Putin hits a bad patch

Insight
07 May 2020

Vladimir Putin could look forward to a good year when the Kremlin clocks signalled the start of 2020. His situation looks much less rosy now. Russia’s problems may have implications not only for Putin but for Western countries.

At the turn of the year, Putin had celebrated 20 years in power, and faced no serious domestic opposition. Russia had achieved macro-economic stability, with inflation at 3 per cent (even if living standards for ordinary Russians had hardly risen in a decade). Oil prices, at around $60 per barrel, were high enough to boost Russia’s already sizeable sovereign wealth fund. The US and EU were internally divided and pre-occupied with their own problems; and he had developed a strong relationship with President Xi Jinping of China, the leader of the rising superpower.

Putin used his annual address to the Russian Parliament on January 15th to announce significant increases in social spending; call for further improvements in the healthcare system; and propose a number of changes to the Russian constitution.
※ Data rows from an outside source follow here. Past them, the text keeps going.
(* Let $n\geq 2$, $p\geq n+2$, and $$\Omega=\{(x',x_n)\in\mathbb R^{n-1}\times\mathbb R: |x'|<1,\ 0<x_n<\sqrt{1-|x'|^2}\}.$$ Then there is a constant $C>0$ depending only on $n,p$ such that the function $$w(x',x_n)=Cx_n-Cx_n^{\frac{2}{n+p}}(1-|x'|^2)^{\frac{n+p-2}{2(n+p)}}$$ is smooth and convex in $\Omega$ and satisfies $\det D^2 w\leq |w|^{-p}$ in $\Omega$ and $w=0$ on $\partial\Omega$. *)

theory Defs
  imports "HOL-Analysis.Analysis"
begin

text \<open>Points of R^n are vectors x :: real^'n; a distinguished coordinate k plays
  the role of x_n, and the remaining coordinates form x'.\<close>

definition xprime_sq :: "'n::finite \<Rightarrow> real^'n \<Rightarrow> real" where
  "xprime_sq k x = (\<Sum>i\<in>UNIV - {k}. (x $ i)^2)"

definition Omega_dom :: "'n::finite \<Rightarrow> (real^'n) set" where
  "Omega_dom k = {x. xprime_sq k x < 1 \<and> 0 < x $ k \<and> x $ k < sqrt (1 - xprime_sq k x)}"

definition w_fun :: "real \<Rightarrow> real \<Rightarrow> 'n::finite \<Rightarrow> real^'n \<Rightarrow> real" where
  "w_fun C p k x = C * x $ k
     - C * (x $ k) powr (2 / (real CARD('n) + p))
         * (1 - xprime_sq k x) powr ((real CARD('n) + p - 2) / (2 * (real CARD('n) + p)))"

definition pderiv_dir :: "('a::euclidean_space \<Rightarrow> real) \<Rightarrow> 'a \<Rightarrow> 'a \<Rightarrow> real" where
  "pderiv_dir f e x = frechet_derivative f (at x) e"

fun Ck_on :: "nat \<Rightarrow> 'a::euclidean_space set \<Rightarrow> ('a \<Rightarrow> real) \<Rightarrow> bool" where
  "Ck_on 0 S f = continuous_on S f"
| "Ck_on (Suc k) S f = (continuous_on S f \<and> f differentiable_on S \<and>
      (\<forall>e\<in>Basis. Ck_on k S (pderiv_dir f e)))"

definition smooth_on :: "'a::euclidean_space set \<Rightarrow> ('a \<Rightarrow> real) \<Rightarrow> bool" where
  "smooth_on S f = (\<forall>k. Ck_on k S f)"

definition hessian :: "(real^'n \<Rightarrow> real) \<Rightarrow> real^'n \<Rightarrow> real^'n^'n" where
  "hessian f x = (\<chi> i j. pderiv_dir (pderiv_dir f (axis j 1)) (axis i 1) x)"

end

theory Submission
  imports Defs
begin

text \<open>Write t = x_n, g = 1 - |x'|^2 and \<phi> = t^a g^b with a = 2/(n+p) and
  b = (n+p-2)/(2(n+p)), so that a + 2b = 1 and w = C (t - \<phi>).
  On the boundary either t = 0 or g = t^2, and in both cases \<phi> = t, so w = 0.
  The function (T, S) \<mapsto> T^a S^b is concave for a + b \<le> 1 (weighted AM-GM after
  normalising at the convex combination) and nondecreasing in S, while g is concave;
  hence \<phi> is concave and w is convex.
  The Hessian of w is a bordered matrix whose lower block is a multiple of the identity
  plus a rank-one term; the matrix determinant lemma and g + |x'|^2 = 1 give
  det D^2 w = a (2Cb\<phi>/g)^n / t^2. Since (C\<phi>)^(n+p) \<le> t^2 g^((n+p-2)/2) \<le> t^2 g^n
  for C \<le> 1 and p \<ge> n + 2, this is at most (C\<phi>)^(-p) \<le> |w|^(-p); we take C = 1.
  Smoothness holds because w is built from constants and coordinates by sums, products
  and real powers of positive functions.\<close>

section \<open>The domain\<close>

lemma norm_sq_eq_xprime_sq: "norm x ^ 2 = (x$k)^2 + xprime_sq k x"
  unfolding power2_norm_eq_inner inner_vec_def xprime_sq_def
  by (simp add: sum.remove[of UNIV k] power2_eq_square)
In March, in an obviously staged manoeuvre, the Russian MP and former cosmonaut Valentina Tereshkova proposed a further constitutional amendment that would allow Putin to remain president until 2036. A popular vote was scheduled for April 22nd to endorse the package of constitutional amendments. On May 9th Putin planned to hold a grandiose military parade to celebrate the 75th anniversary of the end of the Great Patriotic War, with foreign leaders including Xi and French President Emmanuel Macron in attendance; his status would thus be acknowledged at home and abroad.

Since then, however, the oil price has collapsed and the COVID-19 pandemic has gripped Russia. Those two developments in combination are leading to a sharp contraction in GDP. The rest of 2020 will be very challenging for Putin.

When first China and then other countries began to shut down large parts of their economies in response to the outbreak of COVID-19, the oil price began to fall: Russia’s Urals crude fell from a high point this year of $62 on January 9th to $50 on February 11th. At this point markets probably anticipated that Russia would join Saudi Arabia and other major oil producers in cutting production to match global demand. Instead, Igor Sechin, the CEO of Rosneft, Russia’s state-owned oil major, and a former KGB colleague of Putin, reportedly persuaded the president not to cut production, thus launching a price war. Sechin seems to have thought that this move would primarily hit US shale oil producers (whose production costs are much higher than Russia’s); and that Saudi Arabia would cut production even if Russia did not, in order to prop up the price. The Saudis, however, reacted by lowering prices and increasing production, sending oil prices into free fall. Despite a subsequent agreement between Russia and Saudi Arabia to reduce production (seemingly brokered in part by Donald Trump), Urals crude fell to $12 by April 21st, before recovering to around $21 at the time of writing.

In 2019, income from oil and gas accounted for 39 per cent of Russia’s federal budget revenues (down from 46 per cent in 2018). The budget breaks even at around $42 per barrel; if there is a budget surplus, it goes into the National Welfare Fund (which stood at $157 billion, 11 per cent of Russia’s GDP, at the end of March 2020). With oil prices as low as they are currently, however, Russia will have to start taking money out of the fund to plug gaps in the budget – though according to finance minister Anton Siluanov the fund would still last until 2024.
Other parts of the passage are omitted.